lemma Phi_preimage_open_iff:
  "(\<exists>V. openin (mspec_zariski (GM C E) (GM_add C E)) V \<and> U = Phi C E -` V \<inter> Serre C E) \<longleftrightarrow>
   (\<exists>X. iso_closed C E X \<and> U = Serre C E - serre_V C E X)"
proof
  assume "\<exists>V. openin (mspec_zariski (GM C E) (GM_add C E)) V \<and> U = Phi C E -` V \<inter> Serre C E"
  then obtain S where S: "S \<subseteq> GM C E"
    and U: "U = Phi C E -` (MSpec (GM C E) (GM_add C E) - mspec_V (GM C E) (GM_add C E) S) \<inter> Serre C E"
    unfolding openin_mspec_zariski_GM by blast
  define X where "X = {x \<in> E. gcls C E x \<in> S}"
  have "S = gcls C E ` X" and "X \<subseteq> E"
    using S unfolding X_def GM_eq_gcls_image[OF exact] by blast+
  then have "U = Serre C E - serre_V C E X"
    using U Phi_preimage_mspec_open by simp
  moreover have "iso_closed C E X"
    unfolding iso_closed_def X_def by (auto dest: gcls_isomorphic)
  ultimately show "\<exists>X. iso_closed C E X \<and> U = Serre C E - serre_V C E X"
    by blast
next
  assume "\<exists>X. iso_closed C E X \<and> U = Serre C E - serre_V C E X"
  then obtain X where "X \<subseteq> E" "U = Serre C E - serre_V C E X"
    unfolding iso_closed_def by blast
  then show "\<exists>V. openin (mspec_zariski (GM C E) (GM_add C E)) V \<and> U = Phi C E -` V \<inter> Serre C E"
    using serre_V_complement_Phi_preimage by simp
qed

lemma serre_zariski_eq_pullback:
  "serre_zariski C E = pullback_topology (Serre C E) (Phi C E) (mspec_zariski (GM C E) (GM_add C E))"
  unfolding serre_zariski_def pullback_topology_def by (simp only: Phi_preimage_open_iff)

lemma openin_serre_zariski:
  "openin (serre_zariski C E) U \<longleftrightarrow> (\<exists>X \<subseteq> E. U = Serre C E - serre_V C E X)"
proof
  assume "openin (serre_zariski C E) U"
  then have "\<exists>X. iso_closed C E X \<and> U = Serre C E - serre_V C E X"
    unfolding serre_zariski_eq_pullback openin_pullback_topology
    by (intro Phi_preimage_open_iff[THEN iffD1]) blast
  then show "\<exists>X \<subseteq> E. U = Serre C E - serre_V C E X"
    unfolding iso_closed_def by blast
next
  assume "\<exists>X \<subseteq> E. U = Serre C E - serre_V C E X"
  then obtain X where "X \<subseteq> E" "U = Serre C E - serre_V C E X"
    by blast
  then show "openin (serre_zariski C E) U"
    unfolding serre_zariski_eq_pullback openin_pullback_topology
    using serre_V_complement_Phi_preimage by simp
qed

lemma topspace_serre_zariski: "topspace (serre_zariski C E) = Serre C E"
  using bij_betw_Phi[OF exact]
  unfolding serre_zariski_eq_pullback topspace_pullback_topology topspace_mspec_zariski_GM bij_betw_def
  by blast

lemma homeomorphic_map_Phi:
  "homeomorphic_map (serre_zariski C E) (mspec_zariski (GM C E) (GM_add C E)) (Phi C E)"
  unfolding serre_zariski_eq_pullback
  by (rule homeomorphic_map_pullback_topology) (simp add: topspace_mspec_zariski_GM bij_betw_Phi[OF exact])

lemma U_obj_eq: "U_obj C E X = Serre C E - serre_V C E {X}"
  unfolding U_obj_def serre_V_def by blast

lemma openin_serre_zariski_basis:
  "openin (serre_zariski C E) = arbitrary union_of (\<lambda>V. \<exists>X\<in>E. V = U_obj C E X)"
  unfolding openin_topology_base_unique
proof (intro conjI allI impI)
  fix V assume "\<exists>X\<in>E. V = U_obj C E X"
  then show "openin (serre_zariski C E) V"
    unfolding U_obj_eq openin_serre_zariski by blast
next
  fix U T assume "openin (serre_zariski C E) U \<and> T \<in> U"
  then obtain X where "X \<subseteq> E" "U = Serre C E - serre_V C E X" "T \<in> U"
    unfolding openin_serre_zariski by blast
  then show "\<exists>V. (\<exists>X\<in>E. V = U_obj C E X) \<and> T \<in> V \<and> V \<subseteq> U"
    unfolding U_obj_def serre_V_def by blast
qed

lemma serre_zariski_specialization:
  assumes S: "S \<in> Serre C E" and T: "T \<in> Serre C E"
  shows "S \<in> serre_zariski C E closure_of {T} \<longleftrightarrow> S \<subseteq> T"
proof
  assume S_T: "S \<in> serre_zariski C E closure_of {T}"
  show "S \<subseteq> T"
  proof
    fix X assume X: "X \<in> S"
    then have "X \<in> E"
      using S serre_subset[of C E S] unfolding Serre_def by blast
    then have "openin (serre_zariski C E) (U_obj C E X)"
      unfolding U_obj_eq openin_serre_zariski by blast
    moreover have "S \<in> U_obj C E X"
      using S X unfolding U_obj_def by blast
    ultimately have "T \<in> U_obj C E X"
      using S_T unfolding in_closure_of by blast
    then show "X \<in> T"
      unfolding U_obj_def by blast
  qed
next
  assume S_T: "S \<subseteq> T"
  have "T \<in> U" if U: "openin (serre_zariski C E) U" and SU: "S \<in> U" for U
  proof -
    obtain X where "U = Serre C E - serre_V C E X"
      using U unfolding openin_serre_zariski by blast
    then show ?thesis
      using SU S_T T unfolding serre_V_def by blast
  qed
  then show "S \<in> serre_zariski C E closure_of {T}"
    unfolding in_closure_of topspace_serre_zariski using S by blast
qed

end

theorem mainTheorem15:
  fixes C :: "('o, 'a) cat" and E :: "'o set"
  assumes "exact_cat C E"
  shows "homeomorphic_map (serre_zariski C E) (mspec_zariski (GM C E) (GM_add C E)) (Phi C E) \<and>
         openin (serre_zariski C E) = arbitrary union_of (\<lambda>V. \<exists>X\<in>E. V = U_obj C E X) \<and>
         (\<forall>S\<in>Serre C E. \<forall>T\<in>Serre C E.
           S \<in> serre_zariski C E closure_of {T} \<longleftrightarrow> S \<subseteq> T)"
  using homeomorphic_map_Phi[OF assms] openin_serre_zariski_basis[OF assms]
    serre_zariski_specialization[OF assms] by blast

end
lemma omega_mult_conjugator:
  "omega g1 g2 \<eta> * omega_conjugator g1 g2 \<eta> = omega_conjugator g1 g2 \<eta> * of_cplx \<eta>"
  if "omega_conjugator g1 g2 \<eta> \<noteq> 0"
proof -
  define A where "A = poly g1 (cnj \<eta>)"
  define B where "B = poly g2 (cnj \<eta>)"
  define D where "D = (cmod B)\<^sup>2 + (cmod A)\<^sup>2"
  define N where "N = complex_of_real ((cmod B)\<^sup>2) * cnj \<eta> + complex_of_real ((cmod A)\<^sup>2) * \<eta>"
  define M where "M = \<i> * (2 * B * cnj A * complex_of_real (Im \<eta>))"
  have om: "omega g1 g2 \<eta> = cquat (N / complex_of_real D) (M / complex_of_real D)"
    unfolding omega_def Let_def A_def[symmetric] B_def[symmetric] D_def[symmetric] N_def[symmetric]
    by (simp add: of_cplx_eq_cquat quat_k_eq_cquat cquat_mult cquat_add cquat_eq_iff M_def field_simps)
  have "D \<noteq> 0"
    using that by (auto simp: D_def omega_conjugator_eq_0_iff A_def B_def)
  have D: "complex_of_real D = A * cnj A + B * cnj B"
    unfolding D_def of_real_add complex_norm_square by (simp add: add.commute)
  have cnj_\<eta>: "cnj \<eta> = \<eta> - 2 * \<i> * complex_of_real (Im \<eta>)"
    by (simp add: complex_eq_iff)
  have N: "N = B * cnj B * (\<eta> - 2 * \<i> * complex_of_real (Im \<eta>)) + A * cnj A * \<eta>"
    unfolding N_def complex_norm_square cnj_\<eta> ..
  have "N * cnj A + M * cnj B = cnj A * \<eta> * complex_of_real D"
    unfolding N D M_def by (simp add: algebra_simps)
  moreover have "N * (- B) + M * A = - B * cnj \<eta> * complex_of_real D"
    unfolding N D M_def cnj_\<eta> by (simp add: algebra_simps)
  ultimately show ?thesis
    using \<open>D \<noteq> 0\<close>
    by (simp add: om omega_conjugator_def A_def[symmetric] B_def[symmetric] of_cplx_eq_cquat
        cquat_mult cquat_eq_iff field_simps)
qed

lemma omega_similar:
  assumes "omega_conjugator g1 g2 \<eta> \<noteq> 0"
  shows "omega g1 g2 \<eta> = omega_conjugator g1 g2 \<eta> * of_cplx \<eta> * inverse (omega_conjugator g1 g2 \<eta>)"
  using omega_mult_conjugator[OF assms] assms by (metis mult.assoc mult_1_right right_inverse)

lemma cquat_eq_conjugator_mult_of_cplx:
  assumes "\<not> (A = 0 \<and> B = 0)" and "d * A + cnj c * B = 0"
  obtains \<mu> where "cquat c d = cquat (cnj A) (- B) * of_cplx \<mu>"
proof (cases "A = 0")
  case True
  with assms have "B \<noteq> 0" "c = 0"
    by auto
  then show ?thesis
    by (intro that[of "- cnj d / cnj B"]) (simp add: of_cplx_eq_cquat cquat_mult cquat_eq_iff True)
next
  case False
  then have "d = - B * cnj c / A"
    using assms(2) by (simp add: field_simps eq_neg_iff_add_eq_0)
  then show ?thesis
    using False by (intro that[of "c / cnj A"]) (simp add: of_cplx_eq_cquat cquat_mult cquat_eq_iff)
qed

lemma poly_pconj: "poly (pconj h) z = cnj (poly h (cnj z))"
  by (metis complex_cnj_cnj pconj_def poly_cnj)

lemma coprime_poly_no_common_root:
  fixes f h :: "'a::field_gcd poly"
  assumes "gcd f h = 1" "poly f w = 0"
  shows "poly h w \<noteq> 0"
proof
  assume "poly h w = 0"
  then have "[:- w, 1:] dvd gcd f h"
    using assms(2) by (simp add: poly_eq_0_iff_dvd)
  then show False
    using assms(1) by (simp add: is_unit_iff_degree)
qed

definition gtilde :: "complex poly \<Rightarrow> complex poly \<Rightarrow> complex poly" where
  "gtilde g1 g2 = g1 * pconj g1 + g2 * pconj g2"

lemma poly_gtilde:
  "poly (gtilde g1 g2) z = poly g1 z * cnj (poly g1 (cnj z)) + poly g2 z * cnj (poly g2 (cnj z))"
  by (simp add: gtilde_def poly_pconj)

lemma poly_gtilde_real_eq_0_iff:
  assumes "Im z = 0"
  shows "poly (gtilde g1 g2) z = 0 \<longleftrightarrow> poly g1 z = 0 \<and> poly g2 z = 0"
proof -
  have "cnj z = z"
    using assms by (simp add: complex_eq_iff)
  then have "poly (gtilde g1 g2) z = complex_of_real ((cmod (poly g1 z))\<^sup>2 + (cmod (poly g2 z))\<^sup>2)"
    by (simp only: poly_gtilde of_real_add complex_norm_square)
  then show ?thesis
    by (simp only: of_real_eq_0_iff sum_power2_eq_zero_iff norm_eq_zero)
qed

text \<open>P is the evaluation of a quaternion polynomial with left coefficients that agrees with
  g (g1 + g2 j) on the reals; P_similar is what sum_mult_power_similar_of_cplx yields for it.\<close>

locale quat_poly_factorization =
  fixes P :: "quat \<Rightarrow> quat" and g g1 g2 :: "complex poly"
  assumes P_similar: "\<And>a z. a \<noteq> 0 \<Longrightarrow> P (a * of_cplx z * inverse a) =
      cquat (qfst a * poly (g * g1) z - cnj (qsnd a) * poly (g * g2) z)
            (qsnd a * poly (g * g1) (cnj z) + cnj (qfst a) * poly (g * g2) (cnj z)) * inverse a"
    and coprime: "gcd g1 g2 = 1"
begin

definition "Xi = {z. poly g z = 0 \<and> Im z = 0}"
definition "Lam = {z. poly g z = 0 \<and> Im z \<noteq> 0 \<and> poly g (cnj z) = 0}"
definition "Eta = {z. poly g z = 0 \<and> Im z \<noteq> 0 \<and> poly g (cnj z) \<noteq> 0}
               \<union> {z. poly (gtilde g1 g2) z = 0 \<and> poly g z \<noteq> 0 \<and> poly g (cnj z) \<noteq> 0}"

lemma P_similar_eq_0_iff:
  assumes "a \<noteq> 0"
  shows "P (a * of_cplx z * inverse a) = 0 \<longleftrightarrow>
    poly g z * (qfst a * poly g1 z - cnj (qsnd a) * poly g2 z) = 0 \<and>
    poly g (cnj z) * (qsnd a * poly g1 (cnj z) + cnj (qfst a) * poly g2 (cnj z)) = 0"
proof -
  have "qfst a * poly (g * g1) z - cnj (qsnd a) * poly (g * g2) z =
      poly g z * (qfst a * poly g1 z - cnj (qsnd a) * poly g2 z)"
    "qsnd a * poly (g * g1) (cnj z) + cnj (qfst a) * poly (g * g2) (cnj z) =
      poly g (cnj z) * (qsnd a * poly g1 (cnj z) + cnj (qfst a) * poly g2 (cnj z))"
    by (simp_all add: algebra_simps)
  then show ?thesis
    using assms by (simp only: P_similar mult_eq_0_iff inverse_nonzero_iff_nonzero cquat_eq_0_iff
        simp_thms)
qed

lemma P_of_real_eq_0_iff: "P (of_cplx (of_real r)) = 0 \<longleftrightarrow> poly g (of_real r) = 0"
proof -
  have "P (of_cplx (of_real r)) = 0 \<longleftrightarrow>
      poly g (of_real r) * poly g1 (of_real r) = 0 \<and> poly g (of_real r) * poly g2 (of_real r) = 0"
    using P_similar_eq_0_iff[of 1 "of_real r"] by simp
  then show ?thesis
    using coprime_poly_no_common_root[OF coprime] by auto
qed

lemma P_qclass_eq_0:
  assumes "poly g l = 0" "poly g (cnj l) = 0" "x \<in> qclass (of_cplx l)"
  shows "P x = 0"
  using assms P_similar_eq_0_iff by (auto simp: mem_qclass_iff)

lemma omega_conjugator_nonzero: "omega_conjugator g1 g2 \<eta> \<noteq> 0"
  using coprime_poly_no_common_root[OF coprime] by (simp add: omega_conjugator_eq_0_iff)

lemma P_omega_eq_0_iff: "P (omega g1 g2 \<eta>) = 0 \<longleftrightarrow> poly g \<eta> = 0 \<or> poly (gtilde g1 g2) \<eta> = 0"
  unfolding omega_similar[OF omega_conjugator_nonzero] P_similar_eq_0_iff[OF omega_conjugator_nonzero]
  by (simp add: omega_conjugator_def poly_gtilde algebra_simps) (simp flip: distrib_left)

lemma similar_root_eq_omega:
  assumes "P x = 0" and "x \<in> qclass (of_cplx z)" and "poly g (cnj z) \<noteq> 0"
  shows "x = omega g1 g2 z"
proof -
  define b where "b = omega_conjugator g1 g2 z"
  obtain a where "a \<noteq> 0" and x: "x = a * of_cplx z * inverse a"
    using assms(2) by (auto simp: mem_qclass_iff)
  then have "qsnd a * poly g1 (cnj z) + cnj (qfst a) * poly g2 (cnj z) = 0"
    using assms(1,3) P_similar_eq_0_iff by simp
  then obtain \<mu> where "cquat (qfst a) (qsnd a) = b * of_cplx \<mu>"
    unfolding b_def omega_conjugator_def
    using coprime_poly_no_common_root[OF coprime] by (metis cquat_eq_conjugator_mult_of_cplx)
  then have a: "a = b * of_cplx \<mu>"
    by (simp add: cquat_qfst_qsnd)
  then have "of_cplx \<mu> \<noteq> 0"
    using \<open>a \<noteq> 0\<close> by auto
  then have "x = b * (of_cplx \<mu> * of_cplx z * inverse (of_cplx \<mu>)) * inverse b"
    using omega_conjugator_nonzero by (simp add: x a b_def nonzero_inverse_mult_distrib mult.assoc)
  also have "of_cplx \<mu> * of_cplx z * inverse (of_cplx \<mu>) = of_cplx z"
    using \<open>of_cplx \<mu> \<noteq> 0\<close> by (metis of_cplx_mult_commute mult.assoc mult_1_right right_inverse)
  finally show ?thesis
    by (simp add: b_def omega_similar[OF omega_conjugator_nonzero])
qed

lemma omega_mem_qclass: "omega g1 g2 \<eta> \<in> qclass (of_cplx \<eta>)"
  using omega_similar[OF omega_conjugator_nonzero] omega_conjugator_nonzero
  by (auto simp: mem_qclass_iff)

lemma Eta_nonreal: "\<eta> \<in> Eta \<Longrightarrow> Im \<eta> \<noteq> 0"
  using poly_gtilde_real_eq_0_iff coprime_poly_no_common_root[OF coprime] by (auto simp: Eta_def)

lemma similar_root_mem_omega_Eta:
  assumes "P x = 0" "x \<in> qclass (of_cplx w)" "Im w \<noteq> 0" "poly g (cnj w) \<noteq> 0"
  shows "x \<in> omega g1 g2 ` Eta"
proof -
  have "x = omega g1 g2 w"
    using assms similar_root_eq_omega by blast
  then have "w \<in> Eta"
    using assms P_omega_eq_0_iff by (auto simp: Eta_def)
  with \<open>x = omega g1 g2 w\<close> show ?thesis
    by blast
qed

lemma zeros_subset: "{x. P x = 0} \<subseteq> of_cplx ` Xi \<union> omega g1 g2 ` Eta \<union> (\<Union>l\<in>Lam. qclass (of_cplx l))"
proof
  fix x assume "x \<in> {x. P x = 0}"
  then have "P x = 0"
    by simp
  obtain z where z: "x \<in> qclass (of_cplx z)"
    using ex_qclass_of_cplx by blast
  consider "Im z = 0" | "Im z \<noteq> 0" "poly g z = 0" "poly g (cnj z) = 0"
    | "Im z \<noteq> 0" "poly g (cnj z) \<noteq> 0" | "Im z \<noteq> 0" "poly g (cnj (cnj z)) \<noteq> 0"
    by fastforce
  then show "x \<in> of_cplx ` Xi \<union> omega g1 g2 ` Eta \<union> (\<Union>l\<in>Lam. qclass (of_cplx l))"
  proof cases
    case 1
    then have z_real: "z = of_real (Re z)"
      by (simp add: complex_eq_iff)
    then have "x = of_cplx z"
      using z qclass_of_real by (metis singletonD)
    moreover have "poly g z = 0"
      using \<open>P x = 0\<close> calculation z_real P_of_real_eq_0_iff by metis
    ultimately show ?thesis
      using 1 by (auto simp: Xi_def)
  next
    case 2
    then show ?thesis
      using z by (auto simp: Lam_def)
  next
    case 3
    then show ?thesis
      using similar_root_mem_omega_Eta[OF \<open>P x = 0\<close> z] by blast
  next
    case 4
    then show ?thesis
      using similar_root_mem_omega_Eta[OF \<open>P x = 0\<close>, of "cnj z"] z qclass_of_cplx_cnj by auto
  qed
qed

lemma zeros_supset: "of_cplx ` Xi \<union> omega g1 g2 ` Eta \<union> (\<Union>l\<in>Lam. qclass (of_cplx l)) \<subseteq> {x. P x = 0}"
proof -
  have "P (of_cplx z) = 0" if "z \<in> Xi" for z
    using that P_of_real_eq_0_iff[of "Re z"] by (simp add: Xi_def complex_is_Real_iff)
  moreover have "P (omega g1 g2 \<eta>) = 0" if "\<eta> \<in> Eta" for \<eta>
    using that by (auto simp: P_omega_eq_0_iff Eta_def)
  moreover have "P x = 0" if "l \<in> Lam" "x \<in> qclass (of_cplx l)" for l x
    using that P_qclass_eq_0 by (auto simp: Lam_def)
  ultimately show ?thesis
    by blast
qed

lemma zero_set: "{x. P x = 0} = of_cplx ` Xi \<union> omega g1 g2 ` Eta \<union> (\<Union>l\<in>Lam. qclass (of_cplx l))"
  using zeros_subset zeros_supset by (rule subset_antisym)
(* Let $\Bbbk$ be a field, $n\ge2$, $q\in\Bbbk$ a primitive $n$-th root of unity, $T_n(q)$ the Taft algebra and $A$ a unital associative $\Bbbk$-algebra. Let $\cdot:\Bbbk C_n\otimes A\to A$ be a partial action of $\Bbbk C_n$ on $A$ with $g\cdot1_A=0$. Then for each $w\in A$ such that $w^n\in Z(A)$ and $g^i\cdot w=q^{-i}(g^i\cdot1_A)w$ for all $0\le i\le n-1$, the linear map $\cdot:T_n(q)\otimes A\to A$ defined by $$g^ix^j\cdot a=q^{-ij}\sum_{k=0}^{j}(-1)^kq^{-\frac{k(k-1)}{2}}\binom{j}{k}_{q^{-1}}w^{j-k}(g^{i+k}\cdot a)w^k\qquad(0\le i,j\le n-1,\ a\in A)$$ is a partial action of $T_n(q)$ on $A$.
   Context: The Taft algebra $T_n(q)$ is the Hopf algebra generated by $g,x$ with relations $g^n=1$, $x^n=0$, $xg=qgx$, basis $\{g^ix^j:0\le i,j<n\}$, $g$ group-like, $\Delta(x)=x\otimes1+g\otimes x$, $\varepsilon(x)=0$. $\Bbbk C_n=\mathrm{span}\{1,g,\dots,g^{n-1}\}\subseteq T_n(q)$ is the group algebra of the cyclic group $C_n=\langle g\rangle$; exponents of $g$ are read modulo $n$. $Z(A)$ is the center of $A$. A partial action of a bialgebra $H$ on $A$ is a linear map $\cdot:H\otimes A\to A$ with $1_H\cdot a=a$, $h\cdot(ab)=(h_1\cdot a)(h_2\cdot b)$, $h\cdot(k\cdot a)=(h_1\cdot1_A)(h_2k\cdot a)$. $q$-binomials: $\binom{0}{0}_p=1$, $\binom{N}{m}_p=0$ if $m>N$ or $m<0$, and $\binom{N}{m}_p=\binom{N-1}{m-1}_p+p^m\binom{N-1}{m}_p$ for $N\ge1$, $0\le m\le N$. *)

theory Defs
  imports Main
begin

definition kalgebra :: "('k::field \<Rightarrow> 'a::ring_1 \<Rightarrow> 'a) \<Rightarrow> bool" where
  "kalgebra sm \<longleftrightarrow>
     (\<forall>s t a. sm (s + t) a = sm s a + sm t a) \<and>
     (\<forall>s a b. sm s (a + b) = sm s a + sm s b) \<and>
     (\<forall>s t a. sm (s * t) a = sm s (sm t a)) \<and>
     (\<forall>a. sm 1 a = a) \<and>
     (\<forall>s a b. sm s (a * b) = sm s a * b) \<and>
     (\<forall>s a b. sm s (a * b) = a * sm s b)"

text \<open>Partial action of a bialgebra H with finite basis B, given by structure constants:
  mult b1 b2 e = coefficient of e in b1*b2; unit e = coefficient of e in 1_H;
  comult b b1 b2 = coefficient of b1 \<otimes> b2 in \<Delta>(b).
  The linear map H \<otimes> A \<rightarrow> A is determined by act b (the action of basis element b),
  each act b being linear. By linearity the axioms need only be checked on basis elements.\<close>
definition partial_action ::
  "'b set \<Rightarrow> ('b \<Rightarrow> 'b \<Rightarrow> 'b \<Rightarrow> 'k::field) \<Rightarrow> ('b \<Rightarrow> 'k) \<Rightarrow> ('b \<Rightarrow> 'b \<Rightarrow> 'b \<Rightarrow> 'k)
    \<Rightarrow> ('k \<Rightarrow> 'a::ring_1 \<Rightarrow> 'a) \<Rightarrow> ('b \<Rightarrow> 'a \<Rightarrow> 'a) \<Rightarrow> bool" where
  "partial_action B mult unit comult sm act \<longleftrightarrow>
     (\<forall>b\<in>B. \<forall>a c. act b (a + c) = act b a + act b c) \<and>
     (\<forall>b\<in>B. \<forall>t a. act b (sm t a) = sm t (act b a)) \<and>
     (\<forall>a. (\<Sum>e\<in>B. sm (unit e) (act e a)) = a) \<and>
     (\<forall>b\<in>B. \<forall>a c. act b (a * c) =
        (\<Sum>b1\<in>B. \<Sum>b2\<in>B. sm (comult b b1 b2) (act b1 a * act b2 c))) \<and>
     (\<forall>b\<in>B. \<forall>k\<in>B. \<forall>a. act b (act k a) =
        (\<Sum>b1\<in>B. \<Sum>b2\<in>B. sm (comult b b1 b2)
            (act b1 1 * (\<Sum>e\<in>B. sm (mult b2 k e) (act e a)))))"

▶ _TASK PROMPT_: In the entries above, please find the line with "define N where" and the line with "D = A * cnj", then write out exactly those two lines and every line between them, and nothing more.

▶ _EXERCISE OUTPUT_:
  define N where "N = complex_of_real ((cmod B)\<^sup>2) * cnj \<eta> + complex_of_real ((cmod A)\<^sup>2) * \<eta>"
  define M where "M = \<i> * (2 * B * cnj A * complex_of_real (Im \<eta>))"
  have om: "omega g1 g2 \<eta> = cquat (N / complex_of_real D) (M / complex_of_real D)"
    unfolding omega_def Let_def A_def[symmetric] B_def[symmetric] D_def[symmetric] N_def[symmetric]
    by (simp add: of_cplx_eq_cquat quat_k_eq_cquat cquat_mult cquat_add cquat_eq_iff M_def field_simps)
  have "D \<noteq> 0"
    using that by (auto simp: D_def omega_conjugator_eq_0_iff A_def B_def)
  have D: "complex_of_real D = A * cnj A + B * cnj B"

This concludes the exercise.